Analysts at Motilal Oswal Securities, for instance, see core earnings growing 34 per cent CAGR over FY14-17, and maintain a 'Buy' on the stock, with a revised target price of Rs 1,650 (based on 22x FY17 estimated earnings per share, plus Para IV pipeline valued at Rs 8 a share). Many other foreign brokerages, too, have upgraded the target price to Rs 1,600-1,650 for the stock trading at Rs 1,365. The consensus target price, according to analysts polled on Bloomberg post the event, of Rs 1,478 also indicates an upside of over eight per cent.

Earnings-accretive deals
Even as the company continues to see the US market driving overall growth, the two agreements with the leading global pharmaceutical companies (signed in a span of a week) are likely to be earnings accretive and longer term drivers.

The first agreement with US-based Salix Pharmaceuticals will strengthen fortunes in the Canadian market where Lupin is establishing its presence, and the second with Merck Sereno is for emerging markets as Latin America, Asia, Central Eastern Europe, and Africa.

The long-term strategic partnership with Merck Serono, bio-pharmaceutical division of Merck, Lupin will help Merck Serono to expand its general medicine and endocrinology portfolio in the emerging markets. The agreement builds on an established working relationship between the two companies, and could add up to 20 new products to the current portfolio. The first launches are expected in 2016. However, market participants had expected much more than a pure contract manufacturing deal with Merck Sereno and hence the stock corrected on Tuesday. However, there could be more in the offing. Analysts as those at Motilal Oswal Securities feel a pure contract manufacturing arrangement is not Lupin's philosophy and there could be larger commercial arrangements following.

As of now, once the products are launched, Lupin will be getting a regular revenue flow, as well as milestone-based payments in addition to some upfront payment. Details of financials have not been disclosed. Since the revenues are expected to start flowing from FY17, analysts have not upgraded their near-term earnings estimates. The agreement with Salix is for exclusive rights to market, distribute and sell some of Salix products in Canada. This is being looked as a positive step since Lupin is in the process of establishing its Canadian presence. Thus, the addition of this significant product portfolio opens growth opportunities.

US remains key driver
Most analysts remain bullish on Lupin's prospects, looking at the strong growth in the US market, driven by existing products and new launch plans.

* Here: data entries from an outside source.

(* Let $G=(V,v,E)$ be a directed graph with node set $V=\{1,\dots,n\}$, target node $v\in V$ and edge set $E$, and let $Z$ be a set of ordered pairs of nodes (hidden edges) with $Z\cap E=\emptyset$. For $\mathbf{y}\in\{0,1\}^{Z}$ with support $Y=\{(i,j)\in Z: y_{(i,j)}=1\}$, let $\mathcal{FR}(\mathbf{y})$ denote the expected first return time to $v$ of the PageRank random walk on the graph $(V,E\cup Y)$. Let $\mathcal{Y}$ be a set of constraints on $\mathbf{y}$ with $\mathcal{Y}\cap\{0,1\}^{Z}\neq\emptyset$. For disjoint $S,N\subseteq Z$ let $$\gamma(S,N)=\min\{\mathcal{FR}(\mathbf{y}): y_{(i,j)}=1\ \forall (i,j)\in S,\ y_{(i,j)}=0\ \forall (i,j)\in N,\ \mathbf{y}\in\{0,1\}^{Z}\}.$$ Let $\bar{\mathbf{y}}\in\mathcal{Y}\cap\{0,1\}^{Z}$ with support $\bar Y$. Then the inequality $$\theta\ \ge\ \mathcal{FR}(\bar{\mathbf{y}})+\sum_{(i,j)\in\bar Y}\min\{0,\gamma(\emptyset,\{(i,j)\})-\mathcal{FR}(\bar{\mathbf{y}})\}(1-y_{(i,j)})+\sum_{(i,j)\in Z\setminus\bar Y}\min\{0,\gamma(\{(i,j)\},\emptyset)-\mathcal{FR}(\bar{\mathbf{y}})\}\,y_{(i,j)}$$ is valid, i.e. it is satisfied by every pair $(\theta,\mathbf{y})$ with $\mathbf{y}\in\mathcal{Y}\cap\{0,1\}^{Z}$, $\theta\in\mathbb{R}_+$ and $\theta\ge\mathcal{FR}(\mathbf{y})$.
   Context: The PageRank value of $v$ equals the reciprocal of the expected first return time to $v$ (expected number of steps for the PageRank random walk, i.e. the random walk defined by the PageRank/Google matrix with fixed damping and teleportation as in Csáji–Jungers–Blondel, started at $v$ to return to $v$). In particular $\mathcal{FR}(\mathbf{y})\ge 0$ for all $\mathbf{y}$. The optimization problem considered is $\min\{\mathcal{FR}(\mathbf{y}):\mathbf{y}\in\mathcal{Y}\cap\{0,1\}^{Z}\}$, written in epigraph form with a variable $\theta\in\mathbb{R}_+$ satisfying $\theta\ge\mathcal{FR}(\mathbf{y})$. *)

theory Defs
  imports Complex_Main
begin

text \<open>PageRank (Google) matrix with damping c and teleportation distribution z:
  G i j = (1 - c) * P i j + c * z j, where P i j = 1/outdeg i for (i,j) in E',
  and dangling nodes (outdeg 0) jump according to z.\<close>

definition outdeg :: "nat \<Rightarrow> (nat \<times> nat) set \<Rightarrow> nat \<Rightarrow> nat" where
  "outdeg n E' i = card {j \<in> {1..n}. (i, j) \<in> E'}"

definition linkmat :: "nat \<Rightarrow> (nat \<Rightarrow> real) \<Rightarrow> (nat \<times> nat) set \<Rightarrow> nat \<Rightarrow> nat \<Rightarrow> real" where
  "linkmat n z E' i j =
     (if outdeg n E' i = 0 then z j
      else if (i, j) \<in> E' then 1 / real (outdeg n E' i) else 0)"

definition google :: "nat \<Rightarrow> real \<Rightarrow> (nat \<Rightarrow> real) \<Rightarrow> (nat \<times> nat) set \<Rightarrow> nat \<Rightarrow> nat \<Rightarrow> real" where
  "google n c z E' i j = (1 - c) * linkmat n z E' i j + c * z j"

text \<open>taboo n c z E' v t j: probability that the PageRank walk started at v is at node j
  at time t without having visited v at any of the times 1..t.\<close>

primrec taboo :: "nat \<Rightarrow> real \<Rightarrow> (nat \<Rightarrow> real) \<Rightarrow> (nat \<times> nat) set \<Rightarrow> nat \<Rightarrow> nat \<Rightarrow> nat \<Rightarrow> real" where
  "taboo n c z E' v 0 j = (if j = v then 1 else 0)"
| "taboo n c z E' v (Suc t) k =
     (if k = v then 0 else (\<Sum>j\<in>{1..n}. taboo n c z E' v t j * google n c z E' j k))"

text \<open>Probability that the first return to v happens at step t+1, and the expected
  first return time to v of the PageRank random walk on the graph ({1..n}, E').\<close>

definition first_return_prob :: "nat \<Rightarrow> real \<Rightarrow> (nat \<Rightarrow> real) \<Rightarrow> (nat \<times> nat) set \<Rightarrow> nat \<Rightarrow> nat \<Rightarrow> real" where
  "first_return_prob n c z E' v t = (\<Sum>j\<in>{1..n}. taboo n c z E' v t j * google n c z E' j v)"

definition exp_first_return :: "nat \<Rightarrow> real \<Rightarrow> (nat \<Rightarrow> real) \<Rightarrow> (nat \<times> nat) set \<Rightarrow> nat \<Rightarrow> real" where
  "exp_first_return n c z E' v = (\<Sum>t. real (Suc t) * first_return_prob n c z E' v t)"

definition binvecs :: "(nat \<times> nat) set \<Rightarrow> (nat \<times> nat \<Rightarrow> real) set" where
  "binvecs Z = {y. (\<forall>e\<in>Z. y e = 0 \<or> y e = 1) \<and> (\<forall>e. e \<notin> Z \<longrightarrow> y e = 0)}"

definition supp :: "(nat \<times> nat) set \<Rightarrow> (nat \<times> nat \<Rightarrow> real) \<Rightarrow> (nat \<times> nat) set" where
  "supp Z y = {e \<in> Z. y e = 1}"

definition FR :: "nat \<Rightarrow> real \<Rightarrow> (nat \<Rightarrow> real) \<Rightarrow> (nat \<times> nat) set \<Rightarrow> nat \<Rightarrow> (nat \<times> nat) set
    \<Rightarrow> (nat \<times> nat \<Rightarrow> real) \<Rightarrow> real" where
  "FR n c z E v Z y = exp_first_return n c z (E \<union> supp Z y) v"

definition gamma :: "nat \<Rightarrow> real \<Rightarrow> (nat \<Rightarrow> real) \<Rightarrow> (nat \<times> nat) set \<Rightarrow> nat \<Rightarrow> (nat \<times> nat) set
    \<Rightarrow> (nat \<times> nat) set \<Rightarrow> (nat \<times> nat) set \<Rightarrow> real" where
  "gamma n c z E v Z S N =
     Min {FR n c z E v Z y | y. y \<in> binvecs Z \<and> (\<forall>e\<in>S. y e = 1) \<and> (\<forall>e\<in>N. y e = 0)}"

end

theory Submission
  imports Defs
begin

text \<open>The cut uses nothing about \<open>FR\<close> beyond the fact that it depends only on the support
  of \<open>y\<close>.
  If \<open>y\<close> and \<open>ybar\<close> have the same support, then \<open>FR y = FR ybar\<close> and every correction term is
  nonpositive. Otherwise they differ at some hidden edge \<open>e\<close>; then \<open>y\<close> is feasible for the
  subproblem defining \<open>gamma {} {e}\<close> (if \<open>e \<in> Ybar\<close>) or \<open>gamma {e} {}\<close> (if not), so the
  correction term at \<open>e\<close> alone is at most \<open>FR y - FR ybar\<close>, and the remaining terms are
  nonpositive.\<close>

lemma sum_le_member_nonpos:
  fixes f :: "'a \<Rightarrow> 'b::ordered_comm_monoid_add"
  assumes "finite A" "i \<in> A" "\<And>x. x \<in> A \<Longrightarrow> f x \<le> 0"
  shows "sum f A \<le> f i"
proof -
  have "sum f (A - {i}) \<le> 0"
    using assms(3) by (intro sum_nonpos) auto
  then have "f i + sum f (A - {i}) \<le> f i + 0"
    by (rule add_left_mono)
  then show ?thesis
    using assms(1,2) by (simp add: sum.remove)
qed

lemma finite_FR_values:
  assumes "finite Z"
  shows "finite {FR n c z E v Z y | y. y \<in> binvecs Z \<and> (\<forall>e\<in>S. y e = 1) \<and> (\<forall>e\<in>N. y e = 0)}"
proof (rule finite_subset)
  show "{FR n c z E v Z y | y. y \<in> binvecs Z \<and> (\<forall>e\<in>S. y e = 1) \<and> (\<forall>e\<in>N. y e = 0)}
        \<subseteq> (\<lambda>Y. exp_first_return n c z (E \<union> Y) v) ` Pow Z"
    by (auto simp: FR_def supp_def)
  show "finite ((\<lambda>Y. exp_first_return n c z (E \<union> Y) v) ` Pow Z)"
    using assms by simp
qed

lemma gamma_le_FR:
  assumes "finite Z" "y \<in> binvecs Z" "\<forall>e\<in>S. y e = 1" "\<forall>e\<in>N. y e = 0"
  shows "gamma n c z E v Z S N \<le> FR n c z E v Z y"
  unfolding gamma_def
  by (rule Min_le[OF finite_FR_values[OF assms(1)]]) (use assms in blast)

lemma binvecs_01:
  assumes "y \<in> binvecs Z" "e \<in> Z"
  shows "y e = 0 \<or> y e = 1"
  using assms by (simp add: binvecs_def)

lemma supp_subset: "supp Z y \<subseteq> Z"
  by (auto simp: supp_def)

lemma binvecs_supp_cases:
  assumes "y \<in> binvecs Z" "ybar \<in> binvecs Z"
  obtains "supp Z y = supp Z ybar"
  | e where "e \<in> supp Z ybar" "y e = 0"
  | e where "e \<in> Z - supp Z ybar" "y e = 1"
proof -
  have "supp Z y = supp Z ybar"
    if keep: "\<forall>e\<in>supp Z ybar. y e \<noteq> 0" and off: "\<forall>e\<in>Z - supp Z ybar. y e \<noteq> 1"
  proof (intro set_eqI iffI)
    fix e
    assume "e \<in> supp Z y"
    then show "e \<in> supp Z ybar" using off by (auto simp: supp_def)
  next
    fix e
    assume e: "e \<in> supp Z ybar"
    with keep have "y e \<noteq> 0" by blast
    with e show "e \<in> supp Z y"
      using binvecs_01[OF assms(1), of e] supp_subset[of Z ybar] by (auto simp: supp_def)
  qed
  then show ?thesis using that by blast
qed

lemma FR_ge_local_branching_cut:
  fixes n v :: nat and c :: real and z :: "nat \<Rightarrow> real" and E :: "(nat \<times> nat) set"
    and ybar y :: "nat \<times> nat \<Rightarrow> real"
  assumes "finite Z" "ybar \<in> binvecs Z" "y \<in> binvecs Z"
  defines "F \<equiv> FR n c z E v Z ybar"
  shows "FR n c z E v Z y \<ge> F
      + (\<Sum>e\<in>supp Z ybar. min 0 (gamma n c z E v Z {} {e} - F) * (1 - y e))
      + (\<Sum>e\<in>Z - supp Z ybar. min 0 (gamma n c z E v Z {e} {} - F) * y e)"
    (is "_ \<ge> F + sum ?drop ?Y + sum ?add ?N")
proof -
  have fin_Y: "finite ?Y" and fin_N: "finite ?N"
    using assms(1) finite_subset[OF supp_subset] by auto
  have drop_nonpos: "?drop e \<le> 0" if "e \<in> ?Y" for e
  proof -
    have "y e \<le> 1"
      using binvecs_01[OF assms(3) subsetD[OF supp_subset that]] by auto
    then show ?thesis by (simp add: mult_nonpos_nonneg)
  qed
  have add_nonpos: "?add e \<le> 0" if "e \<in> ?N" for e
  proof -
    have "0 \<le> y e"
      using binvecs_01[OF assms(3) DiffD1[OF that]] by auto
    then show ?thesis by (simp add: mult_nonpos_nonneg)
  qed
  have sum_drop: "sum ?drop ?Y \<le> 0" and sum_add: "sum ?add ?N \<le> 0"
    using drop_nonpos add_nonpos by (auto intro: sum_nonpos)
  from assms(3,2) show ?thesis
  proof (cases rule: binvecs_supp_cases)
    case 1
    then have "FR n c z E v Z y = F" by (simp add: F_def FR_def)
    then show ?thesis using sum_drop sum_add by linarith
  next
    case (2 e)
    have "sum ?drop ?Y \<le> ?drop e"
      using sum_le_member_nonpos[OF fin_Y 2(1) drop_nonpos] .
    moreover have "gamma n c z E v Z {} {e} \<le> FR n c z E v Z y"
      using 2 by (intro gamma_le_FR[OF assms(1,3)]) auto
    moreover have "?drop e = min 0 (gamma n c z E v Z {} {e} - F)"
      using 2(2) by simp
    ultimately show ?thesis using sum_add by linarith
  next
    case (3 e)
    have "sum ?add ?N \<le> ?add e"
      using sum_le_member_nonpos[OF fin_N 3(1) add_nonpos] .
    moreover have "gamma n c z E v Z {e} {} \<le> FR n c z E v Z y"
      using 3 by (intro gamma_le_FR[OF assms(1,3)]) auto
    moreover have "?add e = min 0 (gamma n c z E v Z {e} {} - F)"
      using 3(2) by simp
    ultimately show ?thesis using sum_drop by linarith
  qed
qed

theorem theorem1:
  fixes n v :: nat and E Z :: "(nat \<times> nat) set" and c :: real and z :: "nat \<Rightarrow> real"
    and Ycal :: "(nat \<times> nat \<Rightarrow> real) set" and ybar y :: "nat \<times> nat \<Rightarrow> real" and \<theta> :: real
  assumes "v \<in> {1..n}"
    and "E \<subseteq> {1..n} \<times> {1..n}"
    and "Z \<subseteq> {1..n} \<times> {1..n}"
    and "Z \<inter> E = {}"
    and "0 < c" and "c < 1"
    and "\<forall>i\<in>{1..n}. 0 < z i" and "(\<Sum>i\<in>{1..n}. z i) = 1"
    and "Ycal \<inter> binvecs Z \<noteq> {}"
    and "ybar \<in> Ycal \<inter> binvecs Z"
    and "y \<in> Ycal \<inter> binvecs Z"
    and "0 \<le> \<theta>"
    and "\<theta> \<ge> FR n c z E v Z y"
  shows "\<theta> \<ge> FR n c z E v Z ybar
      + (\<Sum>e\<in>supp Z ybar. min 0 (gamma n c z E v Z {} {e} - FR n c z E v Z ybar) * (1 - y e))
      + (\<Sum>e\<in>Z - supp Z ybar. min 0 (gamma n c z E v Z {e} {} - FR n c z E v Z ybar) * y e)"
proof -
  have "finite Z"
    using assms(3) by (rule finite_subset) simp
  moreover have "ybar \<in> binvecs Z" "y \<in> binvecs Z"
    using assms(10,11) by auto
  ultimately show ?thesis
    using order_trans[OF FR_ge_local_branching_cut assms(13)] by blast
qed

end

The generics of anti-depressant Cymbalta, cholesterol lowering Niaspan, anti-bacterial Zymaxid and HIV treatment drug Trazivir had driven US sales growth in the June quarter and continue to do well. Zymaxid and Trazivir have remained a two-player market, despite three quarters of genericisation. Though oral contraceptives are doing well, new launches are expected that will help expand the portfolio.

The limited competition products and speciality focus will boost growth. On this front, the respiratory and dermatology filings, as well as scaling up of complex injectibles (through acquisition of Dutch company Nanomi in February) and biosimilar portfolio (joint venture with Japanese company Yoshindo in April) will emerge as long-term growth drivers.

In India, though growth is much better than last year, there was some disappointment in the month of August.

Growth of 8.5 per cent in August, though ahead of industry growth of 8 per cent, came lower than 13.2 per cent in July. This has led fiscal-year-to-date growth slowing to 12.4 per cent (as per Prabhudas Lilladher research) against management's expectation of 15 per cent.